Мы познакомились. Его звали Али.

Подумав, он вдруг произнес:

— Ты знаешь, кто я такой? Я лудильщик. Хочешь посмотреть?

— Что?

— Пойдем…

И, проведя меня в глубь лавки, он открыл ту самую единственную дверь, за которой стоят… может быть, сотни… прекрасных дагестанских медных сосудов — кувшинов, казанов, кружек, чаш…

— Бери, выбирай…

Я взял себе за четыреста рублей маленький медный чайник, в котором, должно быть, заваривал себе чай какой-нибудь пастух в горах Табасарана. В этот момент мне верилось, что Судный день откладывается и наши души без всякого потустороннего вмешательства нежатся в прохладе садов Джанната — мусульманского рая…

Свою экскурсию мы с Муртузали закончили, разумеется, в цитадели Нарым-Кала, где пространство вдруг распахивается во все стороны — от Каспия до вершины Джалгана — и сонные ветры истории веют над остатками дворца Фетали-хана, космическими белыми куполами ханских бань и подземным водохранилищем, устроенным в древнем христианском храме, вырубленном в скале в форме креста. Здесь — тайна, и много тайн накопил Дербент за пятьдесят веков своего существования.

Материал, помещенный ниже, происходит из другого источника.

section \<open>Standardization of a sequence of distinct numbers\<close>

text \<open>\<open>std xs\<close> replaces each entry by its rank, producing the permutation in the same
  relative order as \<open>xs\<close>; it is how subpermutations of \<open>b\<close> are named.\<close>
definition std :: "nat list \<Rightarrow> nat list" where
  "std xs = map (\<lambda>x. card {y \<in> set xs. y \<le> x}) xs"

lemma rank_less_iff:
  fixes x y :: nat
  assumes "finite S" "y \<in> S"
  shows "x < y \<longleftrightarrow> card {z\<in>S. z \<le> x} < card {z\<in>S. z \<le> y}"
proof
  assume "x < y"
  then have sub: "{z\<in>S. z \<le> x} \<subseteq> {z\<in>S. z \<le> y}" by auto
  have "y \<in> {z\<in>S. z \<le> y}" "y \<notin> {z\<in>S. z \<le> x}" using assms \<open>x < y\<close> by auto
  then have "{z\<in>S. z \<le> x} \<subset> {z\<in>S. z \<le> y}" using sub by blast
  then show "card {z\<in>S. z \<le> x} < card {z\<in>S. z \<le> y}"
    using assms by (intro psubset_card_mono) auto
next
  assume "card {z\<in>S. z \<le> x} < card {z\<in>S. z \<le> y}"
  moreover have "y \<le> x \<Longrightarrow> card {z\<in>S. z \<le> y} \<le> card {z\<in>S. z \<le> x}"
    using assms by (intro card_mono) auto
  ultimately show "x < y" by linarith
qed

lemma length_std[simp]: "length (std xs) = length xs"
  by (simp add: std_def)

lemma std_iso: "order_iso xs (std xs)"
  unfolding order_iso_def std_def
proof (intro conjI allI impI)
  fix i j assume "i < length xs" "j < length xs"
  then show "(xs ! i < xs ! j) =
      (map (\<lambda>x. card {y \<in> set xs. y \<le> x}) xs ! i < map (\<lambda>x. card {y \<in> set xs. y \<le> x}) xs ! j)"
    using rank_less_iff[of "set xs" "xs!j" "xs!i"] by simp
qed simp

lemma order_iso_distinct: "order_iso xs ys \<Longrightarrow> distinct xs \<Longrightarrow> distinct ys"
  unfolding order_iso_def distinct_conv_nth by (metis less_irrefl nat_neq_iff)

lemma std_perm:
  assumes "distinct xs"
  shows "is_perm (std xs)"
proof -
  have dist: "distinct (std xs)" using order_iso_distinct[OF std_iso assms] .
  have card_xs: "card (set xs) = length xs" using assms by (simp add: distinct_card)
  have "set (std xs) \<subseteq> {1..length xs}"
  proof
    fix v assume "v \<in> set (std xs)"
    then obtain x where x: "x \<in> set xs" "v = card {y \<in> set xs. y \<le> x}"
      by (auto simp: std_def)
    have "{y \<in> set xs. y \<le> x} \<noteq> {}" using x by auto
    then have "1 \<le> v" using x by (simp add: Suc_le_eq card_gt_0_iff)
    moreover have "v \<le> length xs" using x card_xs
      by (metis (no_types, lifting) card_mono finite_set mem_Collect_eq subsetI)
    ultimately show "v \<in> {1..length xs}" by simp
  qed
  moreover have "card (set (std xs)) = length xs" using dist by (simp add: distinct_card)
  ultimately have "set (std xs) = {1..length xs}" by (intro card_subset_eq) auto
  then show ?thesis using dist by (simp add: is_perm_def)
qed

lemma std_of_perm: "is_perm a \<Longrightarrow> std a = a"
proof -
  assume p: "is_perm a"
  have "card {y \<in> set a. y \<le> x} = x" if "x \<in> set a" for x
  proof -
    have "{y \<in> set a. y \<le> x} = {1..x}" using p that by (auto simp: is_perm_def)
    then show ?thesis by simp
  qed
  then show ?thesis unfolding std_def by (simp add: map_idI)
qed

lemma std_nth_card:
  assumes "distinct xs" "i < length xs"
  shows "std xs ! i = card {j. j < length xs \<and> xs!j \<le> xs!i}"
proof -
  have "{y \<in> set xs. y \<le> xs!i} = nth xs ` {j. j < length xs \<and> xs!j \<le> xs!i}"
    by (auto simp: in_set_conv_nth)
  moreover have "inj_on (nth xs) {j. j < length xs \<and> xs!j \<le> xs!i}"
    using assms by (auto simp: inj_on_def nth_eq_iff_index_eq)
  ultimately show ?thesis using assms by (simp add: std_def card_image)
qed

lemma order_iso_std_eq:
  assumes "order_iso xs ys" "distinct xs"
  shows "std xs = std ys"
proof (rule nth_equalityI)
  have dist_ys: "distinct ys" using order_iso_distinct assms by blast
  have len: "length xs = length ys" using assms by (simp add: order_iso_def)
  fix i assume i: "i < length (std xs)"
  have "{j. j < length xs \<and> xs!j \<le> xs!i} = {j. j < length ys \<and> ys!j \<le> ys!i}"
    using assms(1) i len unfolding order_iso_def by (auto simp: not_less[symmetric])
  then show "std xs ! i = std ys ! i"
    using std_nth_card[OF assms(2)] std_nth_card[OF dist_ys] i len by simp
qed (use assms in \<open>simp add: order_iso_def\<close>)

lemma perm_order_iso_eq: "is_perm a \<Longrightarrow> is_perm b \<Longrightarrow> order_iso a b \<Longrightarrow> a = b"
  by (metis order_iso_std_eq std_of_perm is_perm_def)

lemma nths_restrict: "nths xs (A \<inter> {..<length xs}) = nths xs A"
  unfolding nths_as_map by (rule arg_cong[where f="map (nth xs)"], rule filter_cong) auto

lemma length_nths_subset: "T \<subseteq> {..<length b} \<Longrightarrow> length (nths b T) = card T"
proof -
  assume "T \<subseteq> {..<length b}"
  then have "{i. i < length b \<and> i \<in> T} = T" by auto
  then show ?thesis by (simp add: length_nths)
qed

text \<open>Ranks of the elements of an index set \<open>T\<close>, used to re-index \<open>nths b T\<close>.\<close>
lemma rank_mono:
  fixes i i' :: nat
  assumes "i \<in> T" "i < i'"
  shows "card {l\<in>T. l < i} < card {l\<in>T. l < i'}"
proof (rule psubset_card_mono)
  show "finite {l \<in> T. l < i'}" by (rule finite_subset[of _ "{..<i'}"]) auto
  have "i \<in> {l\<in>T. l < i'}" "i \<notin> {l\<in>T. l < i}" using assms by auto
  moreover have "{l\<in>T. l < i} \<subseteq> {l\<in>T. l < i'}" using assms by auto
  ultimately show "{l \<in> T. l < i} \<subset> {l \<in> T. l < i'}" by blast
qed

lemma rank_inj:
  "(i::nat) \<in> T \<Longrightarrow> i' \<in> T \<Longrightarrow> card {l\<in>T. l < i} = card {l\<in>T. l < i'} \<Longrightarrow> i = i'"
  using rank_mono[of i T i'] rank_mono[of i' T i] by (cases i i' rule: linorder_cases) auto

lemma nths_subset_contains:
  assumes "E \<subseteq> T"
  shows "nths b E \<preceq> nths b T"
proof -
  define J where "J = (\<lambda>i. card {l\<in>T. l < i}) ` E"
  have "{i\<in>T. \<exists>j\<in>J. card {l\<in>T. l < i} = j} = E"
    using assms rank_inj unfolding J_def by blast
  then have "nths (nths b T) J = nths b E" by (simp add: nths_nths)
  then have "nths (nths b T) (J \<inter> {..<length (nths b T)}) = nths b E"
    by (simp add: nths_restrict)
  then show ?thesis unfolding contains_def
    by (metis inf_le2 order_iso_def)
qed

lemma contains_std_nths:
  assumes "order_iso x (nths b E)" "E \<subseteq> T"
  shows "x \<preceq> std (nths b T)"
proof -
  have "nths b E \<preceq> nths b T" using nths_subset_contains assms(2) .
  then have "x \<preceq> nths b T" using contains_iso_left order_iso_sym assms(1) by blast
  then show ?thesis using contains_iso_right std_iso by blast
qed

lemma std_nths_contained: "std (nths b T) \<preceq> b"
proof -
  have "order_iso (std (nths b T)) (nths b (T \<inter> {..<length b}))"
    unfolding nths_restrict by (rule order_iso_sym[OF std_iso])
  then show ?thesis unfolding contains_def by (intro exI[of _ "T \<inter> {..<length b}"]) simp
qed

section \<open>Gaps of occurrences and connectivity of the open interval\<close>

text \<open>A \<^emph>\<open>gap\<close> of an
  occurrence \<open>g\<close> of \<open>a\<close> in \<open>b\<close> is a position of \<open>b\<close> not used by \<open>g\<close>; deleting a gap from
  \<open>b\<close> gives a coatom of \<open>[a, b]\<close>.  Two positions are \<^emph>\<open>gap-related\<close> if they are gaps of a
  common occurrence; then the corresponding coatoms share a lower bound of rank two below
  \<open>b\<close>, which still lies in the open interval because the rank is at least 3.\<close>
locale rank3_interval =
  fixes a b :: "nat list"
  assumes perm_a: "is_perm a" and perm_b: "is_perm b"
    and rank3: "length a + 3 \<le> length b"
begin

abbreviation "n \<equiv> length b"
abbreviation "m \<equiv> length a"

Ну, а потом случилось непоправимое. Солнце совершило половину пути по небу, трапеза оказалась той самой кефалью, приготовленной в белом вине, место, куда мы с Муртузали зашли своячком, как и я уже освоился заходить, сопровождая его в Дербенте (разумеется, он знал тут всех), оказалось уединенной в сосновой роще резиденцией, где отмечал свой день рождения директор коньячного завода. К своему стыду, я даже не помню, дербентского или кизлярского. Обстановка была скромная: терраса с видом на «голубой сапфир» и всего несколько приглашенных. Но коньяк является для меня нокаутирующим напитком. Поэтому уже после кефали я изыскал способ, чтобы вежливо покинуть собрание. Сознание выключилось. Но, как выяснилось, человек может отлично обходиться и без сознания. Об этом свидетельствуют мои снимки:

1) Жилистый загорелый рабочий, раскапывающий вход в подвал.